Good Faith and Financial Distress: Can a Solvent Debtor Have a Valid Reorganizational Purpose?
In the 45 years since the enactment of the Bankruptcy Code, the Chapter 11 process has been successfully used by companies to address and resolve mass tort liabilities. However, what were once considered legitimate uses of Chapter 11 may now be rejected by bankruptcy courts as bad faith filings.
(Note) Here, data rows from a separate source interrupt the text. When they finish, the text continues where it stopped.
lemma has_integral_sin_mult_comp_cos:
  fixes F G :: "real \<Rightarrow> 'a::banach"
  assumes r: "r > 0"
    and G: "\<And>c. c \<in> {-r..r} \<Longrightarrow> (G has_vector_derivative F c) (at c within {-r..r})"
  shows "((\<lambda>t. sin t *\<^sub>R F (r * cos t)) has_integral ((1/r) *\<^sub>R (G r - G (-r)))) {0..pi}"
proof -
  have "((\<lambda>t. sin t *\<^sub>R F (r * cos t)) has_integral ((-1/r) *\<^sub>R G (r * cos pi) - (-1/r) *\<^sub>R G (r * cos 0))) {0..pi}"
  proof (rule fundamental_theorem_of_calculus[where f="\<lambda>t. (-1/r) *\<^sub>R G (r * cos t)"])
    fix t assume "t \<in> {0..pi}"
    have r_cos: "r * cos t' \<in> {-r..r}" for t'
      using mult_left_mono[OF cos_ge_minus_one, of r t'] mult_left_mono[OF cos_le_one, of r t'] r by simp
    have g: "((\<lambda>t. r * cos t) has_vector_derivative (- r * sin t)) (at t within {0..pi})"
      unfolding has_real_derivative_iff_has_vector_derivative[symmetric]
      by (auto intro!: derivative_eq_intros)
    have "(G has_vector_derivative F (r * cos t)) (at (r * cos t) within (\<lambda>t. r * cos t) ` {0..pi})"
      by (rule has_vector_derivative_within_subset[OF G[OF r_cos]]) (use r_cos in auto)
    from vector_diff_chain_within[OF g this]
    have "((\<lambda>t. G (r * cos t)) has_vector_derivative ((- r * sin t) *\<^sub>R F (r * cos t))) (at t within {0..pi})"
      by (simp add: o_def)
    from has_vector_derivative_scaleR[OF DERIV_const this, of "-1/r"] r
    show "((\<lambda>t. (-1/r) *\<^sub>R G (r * cos t)) has_vector_derivative sin t *\<^sub>R F (r * cos t)) (at t within {0..pi})"
      by simp
  qed simp
  then show ?thesis by (simp add: algebra_simps)
qed

context
  fixes F F' :: "real \<Rightarrow> 'a::euclidean_space" and r :: real
  assumes r_pos: "r > 0"
    and deriv_F: "\<And>c. c \<in> {-r..r} \<Longrightarrow> (F has_vector_derivative F' c) (at c)"
    and cont_F': "continuous_on {-r..r} F'"
begin

lemma continuous_on_F_comp:
  "continuous_on S g \<Longrightarrow> (\<And>x. x \<in> S \<Longrightarrow> g x \<in> {-r..r}) \<Longrightarrow> continuous_on S (\<lambda>x. F (g x))"
proof (rule continuous_on_compose2[of "{-r..r}"])
  show "continuous_on {-r..r} F"
    using deriv_F has_vector_derivative_continuous continuous_at_imp_continuous_on by blast
qed auto

lemma continuous_on_F'_comp:
  "continuous_on S g \<Longrightarrow> (\<And>x. x \<in> S \<Longrightarrow> g x \<in> {-r..r}) \<Longrightarrow> continuous_on S (\<lambda>x. F' (g x))"
  by (rule continuous_on_compose2[OF cont_F']) auto

lemma has_vector_derivative_scaleR_F_comp:
  assumes "(g has_real_derivative g') (at x within S)" "(h has_real_derivative h') (at x within S)"
    and "g x \<in> {-r..r}"
  shows "((\<lambda>x. h x *\<^sub>R F (g x)) has_vector_derivative ((h x * g') *\<^sub>R F' (g x) + h' *\<^sub>R F (g x)))
           (at x within S)"
proof -
  have "(F has_vector_derivative F' (g x)) (at (g x) within g ` S)"
    using deriv_F[OF assms(3)] has_vector_derivative_at_within by blast
  from vector_diff_chain_within[OF assms(1)[unfolded has_real_derivative_iff_has_vector_derivative] this]
  have "((\<lambda>x. F (g x)) has_vector_derivative (g' *\<^sub>R F' (g x))) (at x within S)"
    by (simp add: o_def)
  from has_vector_derivative_scaleR[OF assms(2) this]
  show ?thesis by (simp add: algebra_simps)
qed

lemma continuous_on_F_sph_inner:
  assumes "a1^2 + a2^2 + a3^2 = r^2"
  shows "continuous_on S (\<lambda>p. F (sph_inner a1 a2 a3 (fst p) (snd p)))"
  using sph_inner_bounded[OF assms] r_pos by (intro continuous_on_F_comp continuous_on_sph_inner) auto

lemma continuous_on_F'_sph_inner:
  assumes "a1^2 + a2^2 + a3^2 = r^2"
  shows "continuous_on S (\<lambda>p. F' (sph_inner a1 a2 a3 (fst p) (snd p)))"
  using sph_inner_bounded[OF assms] r_pos by (intro continuous_on_F'_comp continuous_on_sph_inner) auto

definition ridge_integral :: "real \<Rightarrow> real \<Rightarrow> real \<Rightarrow> 'a" where
  "ridge_integral a1 a2 a3 =
     integral (cbox (0,0) (pi, 2*pi)) (\<lambda>p. sin (fst p) *\<^sub>R F (sph_inner a1 a2 a3 (fst p) (snd p)))"

lemma continuous_on_ridge_integrand:
  assumes "a1^2 + a2^2 + a3^2 = r^2"
  shows "continuous_on S (\<lambda>p. sin (fst p) *\<^sub>R F (sph_inner a1 a2 a3 (fst p) (snd p)))"
  by (intro continuous_intros continuous_on_F_sph_inner[OF assms])

lemma integral_azimuthal_derivative_eq_0:
  assumes a: "a1^2 + a2^2 + a3^2 = r^2"
  shows "integral (cbox (0,0) (pi, 2*pi))
    (\<lambda>p. (sin (fst p) * sph_inner (- a2) a1 0 (fst p) (snd p)) *\<^sub>R F' (sph_inner a1 a2 a3 (fst p) (snd p))) = 0"
proof -
  have "integral (cbox (0,0) (pi, 2*pi))
      (\<lambda>(t,u). 0 + (sin t * sph_inner (- a2) a1 0 t u) *\<^sub>R F' (sph_inner a1 a2 a3 t u)) = 0"
  proof (rule integral_box_divergence_eq_0[where P="\<lambda>t u. 0" and Q="\<lambda>t u. - sin t *\<^sub>R F (sph_inner a1 a2 a3 t u)"])
    show "continuous_on (cbox (0,0) (pi, 2*pi))
        (\<lambda>(t,u). (sin t * sph_inner (- a2) a1 0 t u) *\<^sub>R F' (sph_inner a1 a2 a3 t u))"
      unfolding split_def by (intro continuous_intros continuous_on_sph_inner continuous_on_F'_sph_inner[OF a])
    show "((\<lambda>u. - sin t *\<^sub>R F (sph_inner a1 a2 a3 t u)) has_vector_derivative
        (sin t * sph_inner (- a2) a1 0 t u) *\<^sub>R F' (sph_inner a1 a2 a3 t u)) (at u within {0..2*pi})" for t u
    proof -
      have g: "((\<lambda>u. sph_inner a1 a2 a3 t u) has_real_derivative - sph_inner (- a2) a1 0 t u)
          (at u within {0..2*pi})"
        unfolding sph_inner_def by (auto intro!: derivative_eq_intros simp: algebra_simps)
      have h: "((\<lambda>u. - sin t) has_real_derivative 0) (at u within {0..2*pi})"
        by simp
      have "sph_inner a1 a2 a3 t u \<in> {-r..r}"
        using sph_inner_bounded[OF a] r_pos by simp
      from has_vector_derivative_scaleR_F_comp[OF g h this] show ?thesis by simp
    qed
  qed (simp_all add: sph_inner_def)
  then show ?thesis by (simp add: split_def)
qed

lemma integral_polar_derivative_eq_0:
  assumes a: "a1^2 + a3^2 = r^2"
  shows "integral (cbox (0,0) (pi, 2*pi))
    (\<lambda>p. (sin (fst p) * sph_inner a3 0 (- a1) (fst p) (snd p)) *\<^sub>R F' (sph_inner a1 0 a3 (fst p) (snd p))) = 0"
proof -
  have a': "a1^2 + 0^2 + a3^2 = r^2" using a by simp
  have bounded: "\<And>t u. sph_inner a1 0 a3 t u \<in> {-r..r}"
    using sph_inner_bounded[OF a'] r_pos by simp
  define P' where "P' t u = (- (sin t * cos u) * (a1 * cos t * cos u - a3 * sin t)) *\<^sub>R F' (sph_inner a1 0 a3 t u)
      + (- (cos t * cos u)) *\<^sub>R F (sph_inner a1 0 a3 t u)" for t u
  define Q' where "Q' t u = (cos t * sin u * (- a1 * sin t * sin u)) *\<^sub>R F' (sph_inner a1 0 a3 t u)
      + (cos t * cos u) *\<^sub>R F (sph_inner a1 0 a3 t u)" for t u
  have sum_eq: "P' t u + Q' t u = (sin t * sph_inner a3 0 (- a1) t u) *\<^sub>R F' (sph_inner a1 0 a3 t u)" for t u
  proof -
    have sin2: "sin u * sin u = 1 - cos u * cos u"
      using sin_cos_squared_add[of u] by (simp add: power2_eq_square)
    have "- (sin t * cos u) * (a1 * cos t * cos u - a3 * sin t) + cos t * sin u * (- a1 * sin t * sin u)
        = sin t * sph_inner a3 0 (- a1) t u"
      by (simp add: sph_inner_def sin2 algebra_simps)
    then show ?thesis
      unfolding P'_def Q'_def by (simp add: algebra_simps flip: scaleR_add_left)
  qed
  have "integral (cbox (0,0) (pi, 2*pi)) (\<lambda>(t,u). P' t u + Q' t u) = 0"
  proof (rule integral_box_divergence_eq_0[where P="\<lambda>t u. - (sin t * cos u) *\<^sub>R F (sph_inner a1 0 a3 t u)"
        and Q="\<lambda>t u. (cos t * sin u) *\<^sub>R F (sph_inner a1 0 a3 t u)"])
    show "continuous_on (cbox (0,0) (pi, 2*pi)) (\<lambda>(t,u). P' t u)"
      unfolding split_def P'_def
      by (intro continuous_intros continuous_on_F'_sph_inner[OF a'] continuous_on_F_sph_inner[OF a'])
    show "continuous_on (cbox (0,0) (pi, 2*pi)) (\<lambda>(t,u). Q' t u)"
      unfolding split_def Q'_def
      by (intro continuous_intros continuous_on_F'_sph_inner[OF a'] continuous_on_F_sph_inner[OF a'])
    show "((\<lambda>t. - (sin t * cos u) *\<^sub>R F (sph_inner a1 0 a3 t u)) has_vector_derivative P' t u)
        (at t within {0..pi})" for t u
    proof -
      have g: "((\<lambda>t. sph_inner a1 0 a3 t u) has_real_derivative (a1 * cos t * cos u - a3 * sin t))
          (at t within {0..pi})"
        unfolding sph_inner_def by (auto intro!: derivative_eq_intros)
      have h: "((\<lambda>t. - (sin t * cos u)) has_real_derivative (- (cos t * cos u))) (at t within {0..pi})"
        by (auto intro!: derivative_eq_intros)
      from has_vector_derivative_scaleR_F_comp[OF g h bounded] show ?thesis by (simp add: P'_def)
    qed
    show "((\<lambda>u. (cos t * sin u) *\<^sub>R F (sph_inner a1 0 a3 t u)) has_vector_derivative Q' t u)
        (at u within {0..2*pi})" for t u
    proof -
      have g: "((\<lambda>u. sph_inner a1 0 a3 t u) has_real_derivative (- a1 * sin t * sin u))
          (at u within {0..2*pi})"
        unfolding sph_inner_def by (auto intro!: derivative_eq_intros)
      have h: "((\<lambda>u. cos t * sin u) has_real_derivative (cos t * cos u)) (at u within {0..2*pi})"
        by (auto intro!: derivative_eq_intros)
      from has_vector_derivative_scaleR_F_comp[OF g h bounded] show ?thesis by (simp add: Q'_def mult.assoc)
    qed
  qed simp_all
  then show ?thesis by (simp add: split_def sum_eq)
qed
September 11, 2023 at 10:00 AM
8 minute read
Historically, Chapter 11 has been used by companies to restructure debtor-creditor relationships of all shapes and sizes. The Bankruptcy Code provides companies with useful tools to achieve such restructuring objectives including the power to shed burdensome contracts and leases, sell valuable contracts and leases, sell company assets free and clear of liens, claims, encumbrances and other interests, restructure debt (consensually or through the Code's "cram-down" provisions), renegotiate or reject labor contracts, resolve multi-district litigations through global plan settlements, and implement broad liability releases in favor of officers, directors and other parties in interest.
Additionally, in the 45 years since the enactment of the Bankruptcy Code, the Chapter 11 process has been successfully used by companies to address and resolve mass tort liabilities (e.g, Dow Corning, Johns-Manville, Texaco). What were once considered legitimate uses of Chapter 11 may now be rejected by bankruptcy courts as bad faith filings.